Here first from the NAS CDR page-

The list of CDR approaches to be examined would include land and coastal (i.e., tidal wetlands, seagrass meadows, and mangroves) ecosystems management, accelerated weathering, bioenergy with capture, direct air capture, geologic sequestration, and other approaches deemed by the study committee to be of similar viability in terrestrial and coastal environments.


Surely it is up to the interested US science community to ensure that  the NAS CDR agenda covers all the aspects that you think it should.  If you find it wanting are you making representations to the Chairman?   
( the proceedings below is an example of the scope)
A brief proceeding of a workshop held by the NAS CDR committee on Coastal Blue Carbon in July last year that is now up on the NAS CDR site 
It has had 805 worldwide downloads since it was published by the NAP in December. 
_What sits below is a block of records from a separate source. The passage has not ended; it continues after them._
(* Consider the noiseless least squares deterministic dynamics with exact line search described in the context. Then \[ \frac{\lambda_{\min}(K)}{\frac1d\mathrm{Tr}(K^2)}\le\gamma_t^{\mathrm{line}}\quad\text{for all }t\ge0. \] Moreover, suppose $K$ has only two distinct eigenvalues $\lambda_1>\lambda_2>0$, with $d/2$ eigenvalues equal to $\lambda_1$ and $d/2$ equal to $\lambda_2$. Then $\lim_{t\to\infty}\gamma_t^{\mathrm{line}}$ exists and \[ \frac{\lambda_{\min}(K)}{\frac1d\mathrm{Tr}(K^2)}\le\lim_{t\to\infty}\gamma_t^{\mathrm{line}}\le\frac{2\lambda_{\min}(K)}{\frac1d\mathrm{Tr}(K^2)}. \]
   Context: Noiseless least squares: $\mathcal R(X)=\frac12(X-X^\star)^TK(X-X^\star)$ with $K\in\mathbb R^{d\times d}$ symmetric positive definite with eigenpairs $(\lambda_i,\omega_i)$. Its deterministic equivalent dynamics under a learning-rate curve $\gamma_t$: functions $D_i^2(t)\ge0$ with $D_i^2(0)=d\langle X_0-X^\star,\omega_i\rangle^2$ solving $\frac{d}{dt}D_i^2(t)=-2\gamma_t\lambda_iD_i^2(t)+2\gamma_t^2\lambda_iR(t)$, where $R(t)=\frac1{2d}\sum_{i=1}^d\lambda_iD_i^2(t)$. Exact line search chooses at each time $\gamma_t=\gamma_t^{\mathrm{line}}\in\arg\min_\gamma\frac{d}{dt}R(t)$, which is \[\gamma_t^{\mathrm{line}}=\frac{\sum_{i=1}^d\lambda_i^2D_i^2(t)}{2\,\mathrm{Tr}(K^2)\,R(t)}.\] *)

theory Defs
  imports "HOL-Analysis.Analysis"
begin

definition risk_de :: "('n::finite \<Rightarrow> real) \<Rightarrow> ('n \<Rightarrow> real \<Rightarrow> real) \<Rightarrow> real \<Rightarrow> real" where
  "risk_de lam Dsq t = (1 / (2 * real CARD('n))) * (\<Sum>i\<in>UNIV. lam i * Dsq i t)"

definition gamma_line :: "real^'n^'n \<Rightarrow> ('n::finite \<Rightarrow> real) \<Rightarrow> ('n \<Rightarrow> real \<Rightarrow> real) \<Rightarrow> real \<Rightarrow> real" where
  "gamma_line K lam Dsq t = (\<Sum>i\<in>UNIV. (lam i)\<^sup>2 * Dsq i t) / (2 * trace (K ** K) * risk_de lam Dsq t)"

text \<open>Smallest eigenvalue of K, read off from the eigenpairs (lam i, omega i).\<close>
definition lambda_min :: "('n::finite \<Rightarrow> real) \<Rightarrow> real" where
  "lambda_min lam = Min (range lam)"

end

theory Submission
  imports Defs
begin

(* With the spectral moments m_k(t) = sum_i lambda_i^k D_i^2(t) one has R = m_1 / (2d) and
   gamma^line = theta m_2 / m_1 with theta = d / Tr(K^2). The lower bound is therefore
   m_2 >= lambda_min m_1, once m_1 > 0 is known; positivity persists because gamma^line is
   bounded, so D_i^2' >= -c D_i^2 and Gronwall applies.
   With two eigenvalues b < a, m_3 = (a + b) m_2 - a b m_1, so the ratio q = m_2 / m_1, which
   stays in [b, a], solves the autonomous equation q' = theta q p(q) for a monic quadratic p
   with p(b) > 0 > p(a), p(2b). Hence p has a root r in (b, min a (2b)) and its other root lies
   beyond a, so (q - r)^2 decays exponentially and gamma^line tends to theta r, which lies
   between theta b and 2 theta b. *)

lemma DERIV_nonneg_within_imp_increasing:
  fixes f f' :: "real \<Rightarrow> real"
  assumes f': "\<And>s. s \<ge> a \<Longrightarrow> (f has_real_derivative f' s) (at s within {a..})"
    and nonneg: "\<And>s. s \<ge> a \<Longrightarrow> f' s \<ge> 0" and "a \<le> t"
  shows "f a \<le> f t"
proof (rule DERIV_nonneg_imp_increasing_open[OF \<open>a \<le> t\<close>])
  fix s :: real assume s: "a < s" "s < t"
  have "(f has_real_derivative f' s) (at s within {a<..})"
    using s by (intro DERIV_subset[OF f'[of s]]) auto
  then have "(f has_real_derivative f' s) (at s)"
    using at_within_open[of s "{a<..}"] s by auto
  then show "\<exists>y. DERIV f s :> y \<and> y \<ge> 0" using nonneg[of s] s by auto
next
  show "continuous_on {a..t} f"
    unfolding continuous_on_eq_continuous_within
  proof
    fix s assume "s \<in> {a..t}"
    then have "continuous (at s within {a..}) f" using DERIV_continuous[OF f'[of s]] by auto
    then show "continuous (at s within {a..t}) f"
      by (rule continuous_within_subset) auto
  qed
qed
Coastal Blue Carbon Approaches for Carbon Dioxide Removal and Reliable Sequestration:
Proceedings of a Workshop—in Brief

Among the many valuable ecosystems services of coastal environments is their ability to take up some of the excess carbon from the atmosphere. This new publication summarizes a workshop that explored the potential to restore and manage coastal habitats, particularly coastal wetlands, as a viable carbon dioxide removal approach (often termed coastal blue carbon). Workshop speakers described their relevant work including the state of knowledge and research needs related to understanding carbon capacity and flux in coastal systems, the processes driving sustainability of coastal wetland carbon storage in the future, potential incentives for coastal blue carbon, and policy and governance challenges.



Description

Coastal environments provide many valuable ecosystem services. Their role as carbon sinks has been a topic of exploration to evaluate the potential for the restoration and management of coastal habitats as a viable carbon dioxide removal (CDR) approach. To explore the state of knowledge, technical research needs, costs, co-benefits, and societal and governance constraints of CDR in coastal ecosystems (often termed coastal blue carbon), the Committee on Developing a Research Agenda for Carbon Dioxide Removal and Sequestration convened its first workshop on July 26, 2017, in Woods Hole, Massachusetts. Invited speakers described their relevant work in order to provide the committee with an overview of the state of knowledge and research needs related to understanding carbon capacity and flux in coastal systems, the processes driving sustainability of coastal wetland carbon storage in the future, potential incentives for coastal blue carbon, and policy and governance challenges. The workshop was preceded by an introductory webinar on July 19, 2017, where invited speakers provided an overview of the ecosystems under consideration for coastal carbon removal and sequestration, as well as the costs and other considerations of restoring them. This publication summarizes the presentations from both the webinar and workshop.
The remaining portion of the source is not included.